Manuel levantó la vista. ¿Te gusta?, preguntó casi sin pausa.
Silencio.
Y ¿sabes qué pasa después?
La silla chirría en el parqué. El fieltro se va a la cocina, más calmado. El fuego se enciende a la tercera. La tetera araña el hierro de la cocina de gas.
Manuel entra detrás del ruido. No se atreve a separar la vista del folio.
Lo que pasa después es que el hombre le devuelve la espada al herrero, ni él mismo sabe por qué. Y le dice: toma, por si encuentras a alguien que sepa para qué es.
Manuel siente que ha dado con algo. Se le ocurre una variación. Regresa medio entusiasmado a la sala, a por el Pilot.
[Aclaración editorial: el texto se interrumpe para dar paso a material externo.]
(* Let $\mu\in\mathbb{C}$ with $\mu\neq-1,-2,-3,\ldots$ and let $\ell\in\mathbb{N}_0$. Then for every $j\in\mathbb{N}_0$: (1) $M_j^{\mu,\ell}(x)$ is a polynomial in $x$ of degree $j+\ell$; (2) (top term) $M_j^{\mu,\ell}(x)=\frac{(-1)^j}{j!}x^{j+\ell}+(\text{terms of degree}<j+\ell)$; (3) (constant term) $$M_j^{\mu,\ell}(0)=\frac{2^{2\ell-\mu}\Gamma(\ell+\frac12)\Gamma(j+\mu+1)\left(\frac{\mu+1}{2}-\ell\right)_j}{j!\,\Gamma(\frac{\mu+2}{2})\,\Gamma(j+\frac{\mu+1}{2})},$$ where $(a)_n=a(a+1)\cdots(a+n-1)$ is the Pochhammer symbol.
   Context: Let $I_\alpha$, $K_\alpha$ be the modified Bessel functions and set $\widetilde I_\alpha(z)=(z/2)^{-\alpha}I_\alpha(z)$, $\widetilde K_\alpha(z)=(z/2)^{-\alpha}K_\alpha(z)$. For $\mu\in\mathbb{C}$, $\ell\in\mathbb{N}_0$, $x>0$ and $t$ near $0$ define $$G^{\mu,\ell}(t,x)=\frac{1}{(1-t)^{\ell+\frac{\mu+3}{2}}}\left(\frac x2\right)^{2\ell+1}e^{\frac x2}\,\widetilde I_{\frac\mu2}\!\left(\frac{tx}{2(1-t)}\right)\widetilde K_{\ell+\frac12}\!\left(\frac{x}{2(1-t)}\right),$$ and for $j\in\mathbb{N}_0$ $$M_j^{\mu,\ell}(x)=\frac{\Gamma(j+\mu+1)}{j!\,2^\mu\,\Gamma(j+\frac{\mu+1}{2})}\left.\frac{\partial^j}{\partial t^j}\right|_{t=0}G^{\mu,\ell}(t,x).$$ *)

theory Defs
  imports "HOL-Analysis.Analysis" "HOL-Computational_Algebra.Polynomial"
begin

text \<open>Normalised modified Bessel function of the first kind (entire in z):
  tilde I_a(z) = (z/2)^(-a) I_a(z) = sum_k (z/2)^(2k) / (k! Gamma(k+a+1)),
  written with the reciprocal Gamma function so that it is defined for all a.\<close>
definition BesselI_tilde :: "complex \<Rightarrow> complex \<Rightarrow> complex" where
  "BesselI_tilde a z = (\<Sum>k. (z/2)^(2*k) * rGamma (of_nat k + a + 1) / fact k)"

definition BesselI :: "complex \<Rightarrow> complex \<Rightarrow> complex" where
  "BesselI a z = (z/2) powr a * BesselI_tilde a z"

definition BesselK_aux :: "complex \<Rightarrow> complex \<Rightarrow> complex" where
  "BesselK_aux a z = (of_real pi / 2) * (BesselI (-a) z - BesselI a z) / sin (a * of_real pi)"

definition BesselK :: "complex \<Rightarrow> complex \<Rightarrow> complex" where
  "BesselK a z = (if a \<in> \<int> then Lim (at a) (\<lambda>b. BesselK_aux b z) else BesselK_aux a z)"

definition BesselK_tilde :: "complex \<Rightarrow> complex \<Rightarrow> complex" where
  "BesselK_tilde a z = (z/2) powr (-a) * BesselK a z"

definition G_gen :: "complex \<Rightarrow> nat \<Rightarrow> complex \<Rightarrow> real \<Rightarrow> complex" where
  "G_gen \<mu> l t x =
     (1 - t) powr (-(of_nat l + (\<mu> + 3)/2))
     * of_real ((x/2)^(2*l+1) * exp (x/2))
     * BesselI_tilde (\<mu>/2) (t * of_real x / (2*(1 - t)))
     * BesselK_tilde (of_nat l + 1/2) (of_real x / (2*(1 - t)))"

definition M_poly :: "complex \<Rightarrow> nat \<Rightarrow> nat \<Rightarrow> real \<Rightarrow> complex" where
  "M_poly \<mu> l j x =
     Gamma (of_nat j + \<mu> + 1) / (fact j * 2 powr \<mu> * Gamma (of_nat j + (\<mu> + 1)/2))
     * (deriv ^^ j) (\<lambda>t. G_gen \<mu> l t x) 0"

end

theory Submission
  imports Defs "HOL-Complex_Analysis.Complex_Analysis"
begin
text \<open>Buyer-side welfare contributed by item j under the allocation of algorithm A.\<close>
definition SWB :: "nat \<Rightarrow> (valuation \<Rightarrow> nat set \<Rightarrow> nat set \<Rightarrow> real)
    \<Rightarrow> ((nat \<Rightarrow> valuation) \<Rightarrow> nat \<Rightarrow> nat set) \<Rightarrow> (nat \<Rightarrow> valuation) \<Rightarrow> nat \<Rightarrow> real" where
  "SWB n a A vs j = (\<Sum>i<n. if j \<in> A vs i then a (vs i) (A vs i) {j} else 0)"

definition ESWB :: "nat \<Rightarrow> (nat \<Rightarrow> valuation measure) \<Rightarrow> (valuation \<Rightarrow> nat set \<Rightarrow> nat set \<Rightarrow> real)
    \<Rightarrow> ((nat \<Rightarrow> valuation) \<Rightarrow> nat \<Rightarrow> nat set) \<Rightarrow> nat \<Rightarrow> real" where
  "ESWB n G a A j = integral\<^sup>L (PiM {..<n} G) (\<lambda>vs. SWB n a A vs j)"

definition Lset :: "nat \<Rightarrow> nat \<Rightarrow> (nat \<Rightarrow> valuation measure) \<Rightarrow> (nat \<Rightarrow> real measure)
    \<Rightarrow> (valuation \<Rightarrow> nat set \<Rightarrow> nat set \<Rightarrow> real) \<Rightarrow> ((nat \<Rightarrow> valuation) \<Rightarrow> nat \<Rightarrow> nat set) \<Rightarrow> nat set" where
  "Lset n k G F a A = {j \<in> {..<k}. ESWB n G a A j \<ge> 4 * integral\<^sup>L (F j) (\<lambda>x. x)}"

definition price :: "nat \<Rightarrow> (nat \<Rightarrow> valuation measure) \<Rightarrow> (valuation \<Rightarrow> nat set \<Rightarrow> nat set \<Rightarrow> real)
    \<Rightarrow> ((nat \<Rightarrow> valuation) \<Rightarrow> nat \<Rightarrow> nat set) \<Rightarrow> nat \<Rightarrow> real" where
  "price n G a A j = ESWB n G a A j / 2"

definition offer_prob :: "nat \<Rightarrow> (nat \<Rightarrow> valuation measure) \<Rightarrow> (nat \<Rightarrow> real measure)
    \<Rightarrow> (valuation \<Rightarrow> nat set \<Rightarrow> nat set \<Rightarrow> real) \<Rightarrow> ((nat \<Rightarrow> valuation) \<Rightarrow> nat \<Rightarrow> nat set) \<Rightarrow> nat \<Rightarrow> real" where
  "offer_prob n G F a A j = 1 / (2 * measure (F j) {x \<in> space (F j). x \<le> price n G a A j})"

text \<open>Probability space of the mechanism: buyer valuations, seller values, offer coins
  (coin j = True means seller j receives an offer), all independent.\<close>
definition mech_space :: "nat \<Rightarrow> nat \<Rightarrow> (nat \<Rightarrow> valuation measure) \<Rightarrow> (nat \<Rightarrow> real measure)
    \<Rightarrow> (valuation \<Rightarrow> nat set \<Rightarrow> nat set \<Rightarrow> real) \<Rightarrow> ((nat \<Rightarrow> valuation) \<Rightarrow> nat \<Rightarrow> nat set)
    \<Rightarrow> ((nat \<Rightarrow> valuation) \<times> (nat \<Rightarrow> real) \<times> (nat \<Rightarrow> bool)) measure" where
  "mech_space n k G F a A =
     PiM {..<n} G \<Otimes>\<^sub>M (PiM {..<k} F \<Otimes>\<^sub>M
       PiM {..<k} (\<lambda>j. measure_pmf (bernoulli_pmf (offer_prob n G F a A j))))"
(* Sherman-Morrison: perturbing x at (s, a) adds the rank-one matrix t e_s P(.|s,a) to the kernel. *)
lemma occupancy_perturb:
  fixes P :: "'s::finite \<Rightarrow> 'a::finite \<Rightarrow> 's \<Rightarrow> real"
  assumes P: "\<forall>s a. is_distribution (P s a)" and B: "\<forall>s. (\<Sum>a\<in>UNIV. \<bar>x s a\<bar>) \<le> B"
    and g0: "0 \<le> g" and gB: "g * (B + \<bar>t\<bar>) < 1"
    and nonsingular: "g * t * occupancy P x (P s a) g s \<noteq> 1"
  shows "occupancy P (perturb x s a t) q g s' = occupancy P x q g s'
           + g * t * occupancy P x q g s / (1 - g * t * occupancy P x (P s a) g s)
             * occupancy P x (P s a) g s'"
proof -
  define \<mu> where "\<mu> = occupancy P x q g"
  define w where "w = occupancy P x (P s a) g"
  define k where "k = \<mu> s / (1 - g * t * w s)"
  define y where "y s' = \<mu> s' + g * t * k * w s'" for s'
  have "g * B \<le> g * (B + \<bar>t\<bar>)"
    using g0 by (simp add: mult_left_mono)
  then have gB': "g * B < 1"
    using gB by linarith
  have \<mu>_fixpoint: "\<mu> s' = q s' + g * (\<Sum>s1\<in>UNIV. \<mu> s1 * policy_kernel P x s1 s')" for s'
    unfolding \<mu>_def by (rule occupancy_fixpoint[OF P B g0 gB'])
  have w_fixpoint: "w s' = P s a s' + g * (\<Sum>s1\<in>UNIV. w s1 * policy_kernel P x s1 s')" for s'
    unfolding w_def by (rule occupancy_fixpoint[OF P B g0 gB'])
  have y_s: "y s = k"
    using nonsingular by (simp add: y_def k_def w_def field_simps)
  have "y s' = q s' + g * (\<Sum>s1\<in>UNIV. y s1 * policy_kernel P (perturb x s a t) s1 s')" for s'
  proof -
    have "(\<Sum>s1\<in>UNIV. y s1 * policy_kernel P (perturb x s a t) s1 s')
        = (\<Sum>s1\<in>UNIV. y s1 * policy_kernel P x s1 s') + y s * (t * P s a s')"
      by (simp add: policy_kernel_perturb distrib_left sum.distrib if_distrib[where f = "\<lambda>z. _ * z"]
          cong: if_cong)
    also have "(\<Sum>s1\<in>UNIV. y s1 * policy_kernel P x s1 s')
        = (\<Sum>s1\<in>UNIV. \<mu> s1 * policy_kernel P x s1 s') + g * t * k * (\<Sum>s1\<in>UNIV. w s1 * policy_kernel P x s1 s')"
      by (simp add: y_def ring_distribs sum.distrib sum_distrib_left mult_ac)
    finally show ?thesis
      unfolding y_s using \<mu>_fixpoint[of s'] w_fixpoint[of s'] by (simp add: y_def[of s'] algebra_simps)
  qed
  then have "occupancy P (perturb x s a t) q g = y"
    by (intro occupancy_unique[OF P sum_abs_perturb_le[OF B] g0 gB, symmetric])
  then show ?thesis
    by (simp add: y_def k_def \<mu>_def w_def)
qed

lemma V_perturb:
  fixes P :: "'s::finite \<Rightarrow> 'a::finite \<Rightarrow> 's \<Rightarrow> real"
  assumes P: "\<forall>s a. is_distribution (P s a)" and B: "\<forall>s. (\<Sum>a\<in>UNIV. \<bar>x s a\<bar>) \<le> B"
    and g0: "0 \<le> g" and gB: "g * (B + \<bar>t\<bar>) < 1"
    and nonsingular: "g * t * occupancy P x (P s a) g s \<noteq> 1"
  shows "V P R g q (perturb x s a t) = V P R g q x
           - t * occupancy P x q g s / (1 - g * t * occupancy P x (P s a) g s) * qvalue P R g x s a"
proof -
  define \<mu> where "\<mu> = occupancy P x q g"
  define w where "w = occupancy P x (P s a) g"
  define k where "k = \<mu> s / (1 - g * t * w s)"
  have "g * B \<le> g * (B + \<bar>t\<bar>)"
    using g0 by (simp add: mult_left_mono)
  then have gB': "g * B < 1"
    using gB by linarith
  have occ: "occupancy P (perturb x s a t) q g s1 = \<mu> s1 + g * t * k * w s1" for s1
    using occupancy_perturb[OF P B g0 gB nonsingular] by (simp add: \<mu>_def w_def k_def)
  have occ_s: "occupancy P (perturb x s a t) q g s = k"
    using nonsingular by (simp add: occ k_def w_def field_simps)
  have "V P R g q (perturb x s a t)
      = - (\<Sum>s1\<in>UNIV. occupancy P (perturb x s a t) q g s1 * policy_reward R (perturb x s a t) s1)"
    by (rule V_eq_occupancy[OF P sum_abs_perturb_le[OF B] g0 gB])
  also have "\<dots> = - (\<Sum>s1\<in>UNIV. occupancy P (perturb x s a t) q g s1 * policy_reward R x s1) - k * t * R s a"
    by (simp add: policy_reward_perturb occ_s distrib_left sum.distrib if_distrib[where f = "\<lambda>z. _ * z"]
        cong: if_cong)
  also have "\<dots> = - (\<Sum>s1\<in>UNIV. \<mu> s1 * policy_reward R x s1)
      - g * t * k * (\<Sum>s1\<in>UNIV. w s1 * policy_reward R x s1) - k * t * R s a"
    by (simp add: occ ring_distribs sum.distrib sum_distrib_left mult_ac)
  also have "\<dots> = V P R g q x + g * t * k * V P R g (P s a) x - k * t * R s a"
    unfolding \<mu>_def w_def V_eq_occupancy[OF P B g0 gB'] by simp
  finally have "V P R g q (perturb x s a t) = V P R g q x - t * k * qvalue P R g x s a"
    by (simp add: qvalue_def algebra_simps)
  then show ?thesis
    by (simp add: k_def \<mu>_def w_def)
qed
Sube la voz.
¡Ya sé que no es gracioso, pero no tiene que serlo, ¿no?! ¡Intento que sea gracioso al principio y que luego haya que pensar un poco! ¡Está bien, ¿no te parece?! ¡¿O muy abierto?! ¡¿Te gusta?! ¡¿Cómo lo ves tú?!
Los pasos vuelven a la sala. La silla. La taza. La cucharilla… Manuel puede sentir casi cómo le toman la mano. Cierra los ojos.
En el alféizar de la ventana silba un mirlo, tal vez un aprendiz de escritor. Refresca, igual que en Santander, un alivio inesperado en un verano hostil. Los veranos se han hecho hostiles, últimamente. Los dos últimos. Este. Pero el tiempo cambia, ¿no? Sube y baja. Patatín, patatán. A veces llueve…
Una brisa clara le revuelve el poco pelo que le queda. Se acercan nubes oscuras. El aire se abre un poco.
Qué bien visten las de Santander, piensa.
Y, esquivando una ideílla sujeta apenas a la mesa, encierra con el Pilot un párrafo que no quiere olvidar. Y sigue adelante. Siempre adelante.